Create new merge request without worrying about branches
Background
Right now I can easily create a merge request from within an issue by clicking the Create merge request button. GitLab abstracts away the messiness of branches. And I can start work right away and collaborate with other team members.
Just now I wanted to do that, but without having to worry about even creating an issue. I wanted to start a merge request in the www-gitlab-com project to work on a new blog post. I didn't have a lot of ideas about content yet. But I knew who I wanted to pull in, and just start a discussion. I didn't want to waste time with creating a separate issue. So I just wanted to create a merge request to start. But I was stuck with first creating a branch. GitLab should do that for me. (And this is the mr I created after creating the branch: gitlab-com/www-gitlab-com!17409 (merged).)

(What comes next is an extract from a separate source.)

(* Every CCCP configuration $\Gamma\triangleright W$ is well-timed: there is $k\in\mathbb N$ such that whenever $\Gamma\triangleright W\,(\to_i)^h\,\mathcal C'$ for some $h\ge 0$ and some configuration $\mathcal C'$, then $h\le k$.
   Context: CCCP syntax. Fix a set of channels (ranged over by $c,d$) and a set of values containing data variables $x,y$ and a special error value $\mathtt{err}$; closed values $v,w$ contain no variables, and each closed value $v$ has a transmission time $\delta_v\in\mathbb{N}$ with $\delta_v\ge 1$. Expressions $e$ are built from values; closed expressions evaluate to closed values via $[\![e]\!]$. Station code (processes) is given by $P,Q ::= c!\langle e\rangle.P \mid \lfloor ?c(x).P\rfloor Q \mid \sigma.P \mid \tau.P \mid P+Q \mid [b]P,Q \mid X \mid \mathbf{0} \mid \mathrm{fix}\,X.P$, where $b$ is either $e_1=e_2$ or $\mathrm{exp}(c)$, $[b]P,Q$ is a conditional (then-branch $P$, else-branch $Q$), $\lfloor ?c(x).P\rfloor Q$ is a receiver on $c$ with timeout branch $Q$ ($x$ bound in $P$), $\sigma.P$ is a one-unit delay and $\sigma^n.P$ denotes $n$ nested delays. System terms are $W ::= P \mid \lfloor ?c(x).P\rfloor \mid W_1|W_2 \mid \nu c{:}(n,v).W$, where $\lfloor ?c(x).P\rfloor$ is an active receiver ($x$ bound in $P$) and $\nu c{:}(n,v).W$ restricts $c$ with local channel state $(n,v)$. In $\mathrm{fix}\,X.P$ every occurrence of $X$ in $P$ is guarded, i.e. lies within a broadcast prefix, a receiver continuation, a timeout branch, a $\sigma$-prefix, or a branch of a conditional. Terms are identified up to $\alpha$-conversion. A channel environment is a map $\Gamma$ from channels to $\mathbb{N}\times$(closed values); write $\Gamma\vdash_t c:n$ and $\Gamma\vdash_v c:w$ when $\Gamma(c)=(n,w)$; $c$ is idle in $\Gamma$ if $\Gamma\vdash_t c:0$ and exposed otherwise; $\Gamma[c\mapsto(n,v)]$ is $\Gamma$ updated at $c$; $\Gamma\le\Gamma'$ iff for every $c$, $\Gamma\vdash_t c:n$ and $\Gamma'\vdash_t c:m$ imply $n\le m$. A configuration $\Gamma\triangleright W$ is a channel environment together with a closed system term (no free data or process variables). Intensional semantics. Actions $\lambda$ are $c!v$, $c?v$, $\sigma$, $\tau$. The environment update $\lambda(\Gamma)$ is: $\sigma(\Gamma)(c)=(\max(n-1,0),w)$ whenever $\Gamma(c)=(n,w)$; $c!v(\Gamma)$ agrees with $\Gamma$ except at $c$, where it is $(\delta_v,v)$ if $c$ is idle in $\Gamma$ and $(\max(\delta_v,n),\mathtt{err})$ if $\Gamma\vdash_t c:n>0$; $c?v(\Gamma)=c!v(\Gamma)$; $\tau(\Gamma)=\Gamma$. The predicate $\mathrm{rcv}(W,c)$ on terms is: true for $\lfloor ?d(x).P\rfloor Q$ iff $d=c$; $\mathrm{rcv}(P+Q,c)=\mathrm{rcv}(P,c)\vee\mathrm{rcv}(Q,c)$; $\mathrm{rcv}(\mathrm{fix}\,X.P,c)=\mathrm{rcv}(P,c)$; $\mathrm{rcv}(W_1|W_2,c)=\mathrm{rcv}(W_1,c)\vee\mathrm{rcv}(W_2,c)$; $\mathrm{rcv}(\nu d{:}(n,v).W,c)=\mathrm{rcv}(W,c)$ (with $d\neq c$ by $\alpha$-conversion); false for all other forms (broadcasts, $\tau.P$, $\sigma.P$, conditionals, $X$, $\mathbf 0$, active receivers). Then $\mathrm{rcv}(\Gamma\triangleright W,c)$ holds iff $c$ is idle in $\Gamma$ and $\mathrm{rcv}(W,c)$. Transitions $\Gamma\triangleright W\xrightarrow{\lambda}W'$ are the least relation closed under: (Snd) $[\![e]\!]=v$ implies $\Gamma\triangleright c!\langle e\rangle.P\xrightarrow{c!v}\sigma^{\delta_v}.P$; (Rcv) $c$ idle in $\Gamma$ implies $\Gamma\triangleright\lfloor ?c(x).P\rfloor Q\xrightarrow{c?v}\lfloor ?c(x).P\rfloor$; (RcvIgn) $\neg\mathrm{rcv}(\Gamma\triangleright W,c)$ implies $\Gamma\triangleright W\xrightarrow{c?v}W$; (Sync) $\Gamma\triangleright W_1\xrightarrow{c!v}W_1'$ and $\Gamma\triangleright W_2\xrightarrow{c?v}W_2'$ imply $\Gamma\triangleright W_1|W_2\xrightarrow{c!v}W_1'|W_2'$, and symmetrically; (RcvPar) $\Gamma\triangleright W_i\xrightarrow{c?v}W_i'$ for $i=1,2$ imply $\Gamma\triangleright W_1|W_2\xrightarrow{c?v}W_1'|W_2'$; (TimeNil) $\Gamma\triangleright\mathbf 0\xrightarrow{\sigma}\mathbf 0$; (Sleep) $\Gamma\triangleright\sigma.P\xrightarrow{\sigma}P$; (ActRcv) $\Gamma\vdash_t c:n$, $n>1$ imply $\Gamma\triangleright\lfloor ?c(x).P\rfloor\xrightarrow{\sigma}\lfloor ?c(x).P\rfloor$; (EndRcv) $\Gamma\vdash_t c:1$, $\Gamma\vdash_v c:w$ imply $\Gamma\triangleright\lfloor ?c(x).P\rfloor\xrightarrow{\sigma}\{w/x\}P$; (Timeout) $c$ idle in $\Gamma$ implies $\Gamma\triangleright\lfloor ?c(x).P\rfloor Q\xrightarrow{\sigma}Q$; (RcvLate) $c$ exposed in $\Gamma$ implies $\Gamma\triangleright\lfloor ?c(x).P\rfloor Q\xrightarrow{\tau}\lfloor ?c(x).\{\mathtt{err}/x\}P\rfloor$; (Tau) $\Gamma\triangleright\tau.P\xrightarrow{\tau}P$; (Then)/(Else) $\Gamma\triangleright[b]P,Q\xrightarrow{\tau}\sigma.P$ if $[\![b]\!]_\Gamma$ is true and $\xrightarrow{\tau}\sigma.Q$ otherwise, where $[\![e_1=e_2]\!]_\Gamma$ is true iff $[\![e_1]\!]=[\![e_2]\!]$ and $[\![\mathrm{exp}(c)]\!]_\Gamma$ is true iff $c$ is exposed in $\Gamma$; (TimePar) $\Gamma\triangleright W_i\xrightarrow{\sigma}W_i'$ for $i=1,2$ imply $\Gamma\triangleright W_1|W_2\xrightarrow{\sigma}W_1'|W_2'$; (TauPar) $\Gamma\triangleright W_1\xrightarrow{\tau}W_1'$ implies $\Gamma\triangleright W_1|W_2\xrightarrow{\tau}W_1'|W_2$, and symmetrically; (Rec) $\Gamma\triangleright\{\mathrm{fix}\,X.P/X\}P\xrightarrow{\lambda}W$ implies $\Gamma\triangleright\mathrm{fix}\,X.P\xrightarrow{\lambda}W$; (Sum) for $\lambda\in\{\tau,c!v\}$, $\Gamma\triangleright P\xrightarrow{\lambda}W$ implies $\Gamma\triangleright P+Q\xrightarrow{\lambda}W$, and symmetrically; (SumTime) $\Gamma\triangleright P\xrightarrow{\sigma}P'$, $\Gamma\triangleright Q\xrightarrow{\sigma}Q'$ imply $\Gamma\triangleright P+Q\xrightarrow{\sigma}P'+Q'$; (SumRcv) $\Gamma\triangleright P\xrightarrow{c?v}W$ and $\mathrm{rcv}(\Gamma\triangleright P,c)$ imply $\Gamma\triangleright P+Q\xrightarrow{c?v}W$, and symmetrically; (ResI) $\Gamma[c\mapsto(n,v)]\triangleright W\xrightarrow{c!w}W'$ implies $\Gamma\triangleright\nu c{:}(n,v).W\xrightarrow{\tau}\nu c{:}(c!w(\Gamma[c\mapsto(n,v)]))(c).W'$; (ResV) $\Gamma[c\mapsto(n,v)]\triangleright W\xrightarrow{\lambda}W'$ with $c$ not occurring in $\lambda$ implies $\Gamma\triangleright\nu c{:}(n,v).W\xrightarrow{\lambda}\nu c{:}(\lambda(\Gamma[c\mapsto(n,v)]))(c).W'$. Reductions. $\Gamma\triangleright W\to\Gamma'\triangleright W'$ iff $\Gamma\triangleright W\xrightarrow{\lambda}W'$ for some $\lambda\in\{c!v,\sigma,\tau\}$ and $\Gamma'=\lambda(\Gamma)$; it is instantaneous ($\to_i$) if $\lambda\neq\sigma$ and timed ($\to_\sigma$) if $\lambda=\sigma$. *)

theory Defs
  imports Main
begin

I think other uses of this would be when updating the handbook. Often times people want to make a process change in GitLab in whatever department. They create an issue to discuss this and use a lot of time going back and forth. Instead, a better process is to start discussion in a merge request right away. This puts focus on at least committing to a handbook change (because the mr would likely be in the www-gitlab-com project, and it becomes a forcing function to help people focus on the handbook, because we are handbook first.)
Proposal
There should be a flow where I can start a new merge request without caring about branching. I can see two possibilities:
- A merge request that doesn't even require a source branch at all. I think this would be a bigger change, and maybe not the smallest MVC change.
- A flow where I create a merge request and just specify the merge request title. And then when I hit submit, GitLab creates the branch for me automatically, based on the merge request title.
- Currently when I create a new merge request, GitLab forces me to pick a source branch in the first step. Perhaps GitLab can make it super easy at that step to create a new source branch automatically. This wouldn't be as easy, but it could be a smaller MVC.